Upon CoVs infection, the viral RNA is released into the cytoplasm and translated by the host cell machinery into two polyproteins (pp1a and pp1ab). They are cleaved into 16 individual non-structural proteins to establish viral replication and transcription complexes for viral RNA synthesis [42]. Among them, NSP12 is the central component of the replication and transcription machinery of CoVs, together with the NSP7-NSP8 heterodimer and an additional NSP8 subunit, which form the minimal core RdRp complex [43]. We found that TMEM53 interacts with NSP12 and NSP8 and impairs the NSP12-NSP8 interaction, but not NSP7-NSP8 heterodimer formation (Figure 4 and Supplementary Figure S6e). In addition, TMEM53-ΔTM lost the ability to disrupt NSP12-NSP8 interaction and substantially reduced antiviral activity (Figure 5). Therefore, disrupting NSP12-NSP8 complex formation may be crucial for TMEM53 to exert its antiviral effects.

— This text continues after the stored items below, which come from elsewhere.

(* Let $m\ge2$, $n\ge1$, $f_i:\mathbb{R}^n\to\mathbb{R}$ smooth, each with $L^g_{f_i}$-Lipschitz gradient and $L^H_{f_i}$-Lipschitz Hessian, and let the perturbations $\mathbf{n}^k\in\mathbb{R}^{mn}$ be independent over $k$ with $\mathbf{n}^k\sim\mathcal{N}(\mathbf{0},\sigma^2\mathbf{I}_{mn})$, $\sigma>0$. Fix $\boldsymbol\theta^0\in\mathbb{R}^{mn}$ and let $\Psi_{\boldsymbol\theta^0}(\mathbf{x})=F(\boldsymbol\theta^0+\sqrt{\hat{\mathbf{L}}}\mathbf{x})$. Given $\rho\ge1$, let $\alpha=\frac{1}{L^g_\Psi\rho^7}$ and $d=\frac{\sigma}{20L^H_\Psi\rho^2}$. Then for any $\mathbf{x}^0\in\mathbb{R}^{mn}$ and any $t_0,t\ge0$, the iterates $\mathbf{x}^{k+1}=\mathbf{x}^k-\alpha(\nabla\Psi_{\boldsymbol\theta^0}(\mathbf{x}^k)+\mathbf{n}^k)$ satisfy $$\mathbb{P}\Big[\Psi_{\boldsymbol\theta^0}(\mathbf{x}^{t_0+t})-\Psi_{\boldsymbol\theta^0}(\mathbf{x}^{t_0})\le-\frac{\alpha}{2}\sum_{k=0}^{t-1}\|\nabla\Psi_{\boldsymbol\theta^0}(\mathbf{x}^{t_0+k})\|^2+mn\alpha\sigma^2(t+\sqrt{t\rho}+\rho)\Big]\ge1-2e^{-\rho}.$$
   Context: $F(\boldsymbol\theta)=\sum_{i=1}^mf_i(\boldsymbol\theta_i)$ for $\boldsymbol\theta=[\boldsymbol\theta_1^\top,\dots,\boldsymbol\theta_m^\top]^\top$. $\mathbf{L}$ is the Laplacian of an undirected graph on $\{1,\dots,m\}$, $\sqrt{\mathbf{L}}$ its unique symmetric positive semidefinite square root, $\sqrt{\hat{\mathbf{L}}}=\sqrt{\mathbf{L}}\otimes\mathbf{I}_n$. $L^g_\Psi=\|\sqrt{\mathbf{L}}\|^2\max_iL^g_{f_i}$ and $L^H_\Psi=\|\sqrt{\mathbf{L}}\|^3\max_iL^H_{f_i}$ (spectral norm). *)

theory Defs
  imports "HOL-Analysis.Analysis" "HOL-Probability.Probability"
begin

definition grad :: "('a::real_inner \<Rightarrow> real) \<Rightarrow> 'a \<Rightarrow> 'a" where
  "grad f x = (THE D. GDERIV f x :> D)"

fun iter_dd :: "'a::real_normed_vector list \<Rightarrow> ('a \<Rightarrow> real) \<Rightarrow> 'a \<Rightarrow> real" where
  "iter_dd [] f = f"
| "iter_dd (v # vs) f = (\<lambda>x. frechet_derivative (iter_dd vs f) (at x) v)"

definition smooth_fun :: "('a::real_normed_vector \<Rightarrow> real) \<Rightarrow> bool" where
  "smooth_fun f \<longleftrightarrow> (\<forall>vs x. iter_dd vs f differentiable (at x))"

definition laplacian :: "('m::finite \<Rightarrow> 'm \<Rightarrow> bool) \<Rightarrow> real^'m^'m" where
  "laplacian E = (\<chi> i j. if i = j then real (card {k. E i k}) else if E i j then -1 else 0)"

definition psd_sqrt :: "real^'m::finite^'m \<Rightarrow> real^'m^'m" where
  "psd_sqrt A = (THE S. transpose S = S \<and> (\<forall>v. 0 \<le> v \<bullet> (S *v v)) \<and> S ** S = A)"

text \<open>Action of the Kronecker product S \<otimes> I_n on a stacked vector x = [x_1;...;x_m], x_i \<in> R^n.\<close>
definition kron_id_apply :: "real^'m::finite^'m \<Rightarrow> real^'n^'m \<Rightarrow> real^'n^'m" where
  "kron_id_apply S x = (\<chi> i. \<Sum>j\<in>UNIV. S $ i $ j *\<^sub>R x $ j)"

definition Fsum :: "('m::finite \<Rightarrow> real^'n \<Rightarrow> real) \<Rightarrow> real^'n^'m \<Rightarrow> real" where
  "Fsum f \<theta> = (\<Sum>i\<in>UNIV. f i (\<theta> $ i))"

definition Psi :: "('m::finite \<Rightarrow> real^'n \<Rightarrow> real) \<Rightarrow> ('m \<Rightarrow> 'm \<Rightarrow> bool) \<Rightarrow> real^'n^'m
    \<Rightarrow> real^'n^'m \<Rightarrow> real" where
  "Psi f E \<theta>0 x = Fsum f (\<theta>0 + kron_id_apply (psd_sqrt (laplacian E)) x)"

primrec gd_iter :: "('a::real_vector \<Rightarrow> 'a) \<Rightarrow> real \<Rightarrow> 'a \<Rightarrow> (nat \<Rightarrow> 'w \<Rightarrow> 'a) \<Rightarrow> 'w \<Rightarrow> nat \<Rightarrow> 'a" where
  "gd_iter g \<alpha> x0 N \<omega> 0 = x0"
| "gd_iter g \<alpha> x0 N \<omega> (Suc k) =
     gd_iter g \<alpha> x0 N \<omega> k - \<alpha> *\<^sub>R (g (gd_iter g \<alpha> x0 N \<omega> k) + N k \<omega>)"

end

theory Submission
  imports Defs
begin

(* Psi is F composed with the affine map x |-> theta0 + K x, K = sqrt(L) (x) I_n, so its
   gradient is K^T grad F (theta0 + K x), which is Lipschitz with constant
   ||K||^2 max_i Lg_i = L^g_Psi.  With this constant the descent lemma and the step-size
   condition L^g_Psi alpha <= 1 give, for one perturbed step,
     Psi(x^{k+1}) - Psi(x^k) <= alpha/2 (|n^k|^2 - |grad Psi(x^k)|^2),
   so the claim reduces to a tail bound for the chi-square variable sum_k |n^k|^2 with
   mnt degrees of freedom.  Chernoff's inequality with E exp(|n|^2 / (4 sigma^2)) = 2^(mn/2)
   gives that bound with probability 1 - exp(-rho), which is stronger than claimed. *)

section \<open>Gradients of compositions with linear maps\<close>

lemma grad_eqI:
  assumes "GDERIV f x :> D"
  shows "grad f x = D"
  unfolding grad_def
proof (rule the_equality)
  show "GDERIV f x :> D" by (rule assms)
  fix D' assume "GDERIV f x :> D'"
  then have "(\<lambda>h. h \<bullet> D') = (\<lambda>h. h \<bullet> D)"
    using assms unfolding gderiv_def by (rule has_derivative_unique)
  then show "D' = D" by (metis vector_eq_ldot)
qed

lemma has_gradient_grad:
  fixes f :: "'a::euclidean_space \<Rightarrow> real"
  assumes "f differentiable (at x)"
  shows "GDERIV f x :> grad f x"
proof -
  obtain f' where f': "(f has_derivative f') (at x)"
    using assms unfolding differentiable_def by blast
  have "f' = (\<lambda>h. h \<bullet> adjoint f' 1)"
    using adjoint_works[OF has_derivative_linear[OF f'], of _ 1] by (simp add: fun_eq_iff)
  with f' have "GDERIV f x :> adjoint f' 1"
    unfolding gderiv_def by simp
  then show ?thesis by (simp add: grad_eqI)
qed

lemma lipschitz_const_nonneg:
  fixes g :: "'a::euclidean_space \<Rightarrow> 'b::real_normed_vector"
  assumes "\<And>x y. norm (g x - g y) \<le> L * norm (x - y)"
  shows "0 \<le> L"
proof -
  obtain b :: 'a where "b \<in> Basis"
    using nonempty_Basis by blast
  moreover have "0 \<le> L * norm (b - 0)"
    using assms[of b 0] norm_ge_zero order_trans by blast
  ultimately show ?thesis
    by (simp add: zero_le_mult_iff)
qed

lemma has_gradient_linear_comp:
  fixes K :: "'a::euclidean_space \<Rightarrow> 'b::euclidean_space"
  assumes "linear K" and "GDERIV F (c + K x) :> D"
  shows "GDERIV (\<lambda>x. F (c + K x)) x :> adjoint K D"
proof -
  have "((\<lambda>x. c + K x) has_derivative K) (at x)"
    using assms(1) by (auto intro!: derivative_eq_intros linear_imp_has_derivative)
  from has_derivative_compose[OF this assms(2)[unfolded gderiv_def]]
  show ?thesis
    unfolding gderiv_def by (simp add: adjoint_works[OF assms(1)])
qed

lemma onorm_adjoint_le:
  fixes K :: "'a::euclidean_space \<Rightarrow> 'b::euclidean_space"
  assumes "linear K"
  shows "onorm (adjoint K) \<le> onorm K"
proof (rule onorm_le)
  fix y
  have bl: "bounded_linear K"
    using assms by (simp add: linear_conv_bounded_linear)
  have "(norm (adjoint K y))\<^sup>2 = K (adjoint K y) \<bullet> y"
    by (simp add: power2_norm_eq_inner adjoint_works[OF assms])
  also have "\<dots> \<le> norm (K (adjoint K y)) * norm y"
    by (rule norm_cauchy_schwarz)
  also have "\<dots> \<le> onorm K * norm (adjoint K y) * norm y"
    by (intro mult_right_mono onorm[OF bl]) simp
  finally show "norm (adjoint K y) \<le> onorm K * norm y"
    using onorm_pos_le[OF bl] by (cases "adjoint K y = 0") (auto simp: power2_eq_square mult_ac)
qed

lemma lipschitz_gradient_linear_comp:
  fixes K :: "'a::euclidean_space \<Rightarrow> 'b::euclidean_space"
  assumes K: "linear K" "onorm K \<le> k"
    and lip: "\<And>u v. norm (G u - G v) \<le> L * norm (u - v)"
  shows "norm (adjoint K (G (c + K x)) - adjoint K (G (c + K y))) \<le> k\<^sup>2 * L * norm (x - y)"
proof -
  have bl: "bounded_linear K" "bounded_linear (adjoint K)"
    using K(1) adjoint_linear linear_conv_bounded_linear by blast+
  have k0: "0 \<le> k"
    using onorm_pos_le[OF bl(1)] K(2) by linarith
  have L0: "0 \<le> L"
    using lip by (rule lipschitz_const_nonneg)
  have "norm (adjoint K (G (c + K x)) - adjoint K (G (c + K y)))
      = norm (adjoint K (G (c + K x) - G (c + K y)))"
    by (simp add: linear_diff[OF adjoint_linear[OF K(1)]])
  also have "\<dots> \<le> onorm (adjoint K) * norm (G (c + K x) - G (c + K y))"
    by (rule onorm[OF bl(2)])
  also have "\<dots> \<le> k * (L * norm (K (x - y)))"
    using lip[of "c + K x" "c + K y"] onorm_adjoint_le[OF K(1)] K(2) k0
    by (intro mult_mono) (auto simp: linear_diff[OF K(1)])
  also have "\<dots> \<le> k * (L * (k * norm (x - y)))"
  proof -
    have "norm (K (x - y)) \<le> k * norm (x - y)"
      using onorm[OF bl(1), of "x - y"] K(2) mult_right_mono[of _ k "norm (x - y)"]
      by (meson norm_ge_zero order_trans)
    then show ?thesis
      using k0 L0 by (intro mult_left_mono) auto
  qed
  finally show ?thesis
    by (simp add: power2_eq_square mult_ac)
qed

RdRp is an important drug target for RNA viral diseases, and the development of RdRp inhibitors is crucial for clinical therapy [44,45]. Abundant evidence indicates that RdRp inhibitors can be used to treat virus infection [46–48]. We found that TMEM53 distinctly suppresses SADS-CoV RdRp activity by disrupting NSP12-NSP8 complex formation. However, the structural basis of TMEM53-mediated RdRp inhibition remains to be determined. Co-IP results showed that NSP12 interacts with TMEM53 via its N-terminal domain, where the Nidovirus RdRp-associated nucleotidyltransferase (NiRAN) domain is located. The NiRAN domain of NSP12 is vital for viral RNA synthesis because of its GTPase activity [49]. Recent studies have suggested that NSP9 binds to the NiRAN domain and affects RNA capping structure synthesis by affecting the enzymatic activity of the NSP12 NiRAN [50,51]. Further investigations are necessary to determine whether TMEM53 affects the RNA capping process by binding to other NSPs, such as NSP9, and that determining the protein structure of the TMEM53-NSP12 complex will benefit the development of RdRp-targeting inhibitors.

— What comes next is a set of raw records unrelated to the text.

lemma kl_div_data_processing:
  assumes R: "\<And>u. u \<in> S \<Longrightarrow> 0 \<le> R u"
  shows "kl_div T (chan_out S W R) (chan_out S W P) \<le> kl_div S R P"
proof -
  have "kl_div T (chan_out S W R) (chan_out S W P) \<le> (\<Sum>v\<in>T. \<Sum>u\<in>S. W u v * kl_term (R u) (P u))"
    unfolding kl_div_eq_sum_kl_term
  proof (rule sum_mono)
    fix v assume v: "v \<in> T"
    have "kl_term (chan_out S W R v) (chan_out S W P v)
        \<le> (\<Sum>u\<in>S. kl_term (W u v * R u) (W u v * P u))"
      unfolding chan_out_def
    proof (rule log_sum_inequality[OF finite_in])
      fix u assume u: "u \<in> S"
      show "0 \<le> W u v * R u" "0 \<le> W u v * P u" using W_nonneg[OF u v] R[OF u] P_pos[OF u] by auto
      show "W u v * P u = 0 \<Longrightarrow> W u v * R u = 0" using P_pos[OF u] by simp
    qed
    also have "\<dots> = (\<Sum>u\<in>S. W u v * kl_term (R u) (P u))"
      by (intro sum.cong refl kl_term_scale W_nonneg v)
    finally show "kl_term (chan_out S W R v) (chan_out S W P v) \<le> \<dots>" .
  qed
  also have "\<dots> = (\<Sum>u\<in>S. \<Sum>v\<in>T. W u v * kl_term (R u) (P u))" by (rule sum.swap)
  also have "\<dots> = kl_div S R P"
    by (simp add: sum_distrib_right[symmetric] W_sum kl_div_eq_sum_kl_term)
  finally show ?thesis .
qed

text \<open>Cauchy-Schwarz in the form \<open>(\<Sum> W (R - P))\<^sup>2 \<le> (\<Sum> W P) (\<Sum> W (R - P)\<^sup>2 / P)\<close>, written as
  the nonnegativity of a weighted variance.\<close>
lemma chi2_div_data_processing:
  "chi2_div T (chan_out S W R) (chan_out S W P) \<le> chi2_div S R P"
proof -
  have "chi2_div T (chan_out S W R) (chan_out S W P) \<le> (\<Sum>v\<in>T. \<Sum>u\<in>S. W u v * ((R u - P u)^2 / P u))"
    unfolding chi2_div_def
  proof (rule sum_mono)
    fix v assume v: "v \<in> T"
    define b a where "b = chan_out S W P v" and "a = (\<Sum>u\<in>S. W u v * (R u - P u))"
    have b: "0 < b" using out_pos[OF v] by (simp add: b_def)
    have diff: "chan_out S W R v - chan_out S W P v = a"
      unfolding a_def chan_out_def by (simp add: sum_subtractf algebra_simps)
    have square: "w * p * (d/p - a/b)^2 = w * (d^2/p) - 2 * (a/b) * (w * d) + (a/b)^2 * (w * p)"
      if "p \<noteq> 0" for w p d :: real
      using that b by (simp add: field_simps power2_eq_square)
    have "0 \<le> (\<Sum>u\<in>S. W u v * P u * ((R u - P u) / P u - a / b)^2)"
      by (intro sum_nonneg mult_nonneg_nonneg W_nonneg v) (auto dest: P_pos simp: less_imp_le)
    also have "\<dots> = (\<Sum>u\<in>S. W u v * ((R u - P u)^2 / P u) - 2 * (a/b) * (W u v * (R u - P u))
        + (a/b)^2 * (W u v * P u))"
      by (intro sum.cong refl square) (auto dest!: P_pos)
    also have "\<dots> = (\<Sum>u\<in>S. W u v * ((R u - P u)^2 / P u)) - 2 * (a/b) * a + (a/b)^2 * b"
      by (simp add: sum.distrib sum_subtractf sum_distrib_left a_def b_def chan_out_def)
    also have "\<dots> = (\<Sum>u\<in>S. W u v * ((R u - P u)^2 / P u)) - a^2 / b"
      using b by (simp add: field_simps power2_eq_square)
    finally show "(chan_out S W R v - chan_out S W P v)^2 / chan_out S W P v
        \<le> (\<Sum>u\<in>S. W u v * ((R u - P u)^2 / P u))"
      using diff by (simp add: b_def)
  qed
  also have "\<dots> = (\<Sum>u\<in>S. \<Sum>v\<in>T. W u v * ((R u - P u)^2 / P u))" by (rule sum.swap)
  also have "\<dots> = chi2_div S R P"
    unfolding chi2_div_def
    by (intro sum.cong refl, subst sum_distrib_right[symmetric]) (simp add: W_sum)
  finally show ?thesis .
qed

lemma chi2_div_in_nonneg: "0 \<le> chi2_div S R P"
  unfolding chi2_div_def by (intro sum_nonneg divide_nonneg_pos) (auto dest: P_pos)

lemma chi2_div_out_nonneg: "0 \<le> chi2_div T (chan_out S W R) (chan_out S W P)"
  unfolding chi2_div_def by (intro sum_nonneg divide_nonneg_pos) (auto dest: out_pos)

lemma bdd_above_kl_ratios:
  "bdd_above {kl_div T (chan_out S W R) (chan_out S W P) / kl_div S R P | R.
      is_pmf S R \<and> abs_cont S R P \<and> 0 < kl_div S R P}"
  by (rule bdd_aboveI[where M=1])
    (auto simp: is_pmf_def intro!: kl_div_data_processing)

Taken together, our findings unveiled a novel function of TMEM53 in virus restriction and revealed that TMEM53 inhibits SADS-CoV replication by disrupting the formation of a functional core polymerase complex, thereby inhibiting viral RNA synthesis. Additionally, our study established TMEM53 as a potent inhibitor of HKU2-related CoVs and provided insights for antiviral drug development.

Funding Statement

This work was supported by the National Natural Science Foundation of China [grant no. 31830096], China Postdoctoral Science Foundation [grant no. 2021M703453], the National Key R&D Program of China [grant no. 2021YFC2300901 and 2022YFC2305500] and the Self-Supporting Program of Guangzhou Laboratory [grant no. SRPG22-001].

Disclosure statement

No potential conflict of interest was reported by the author(s).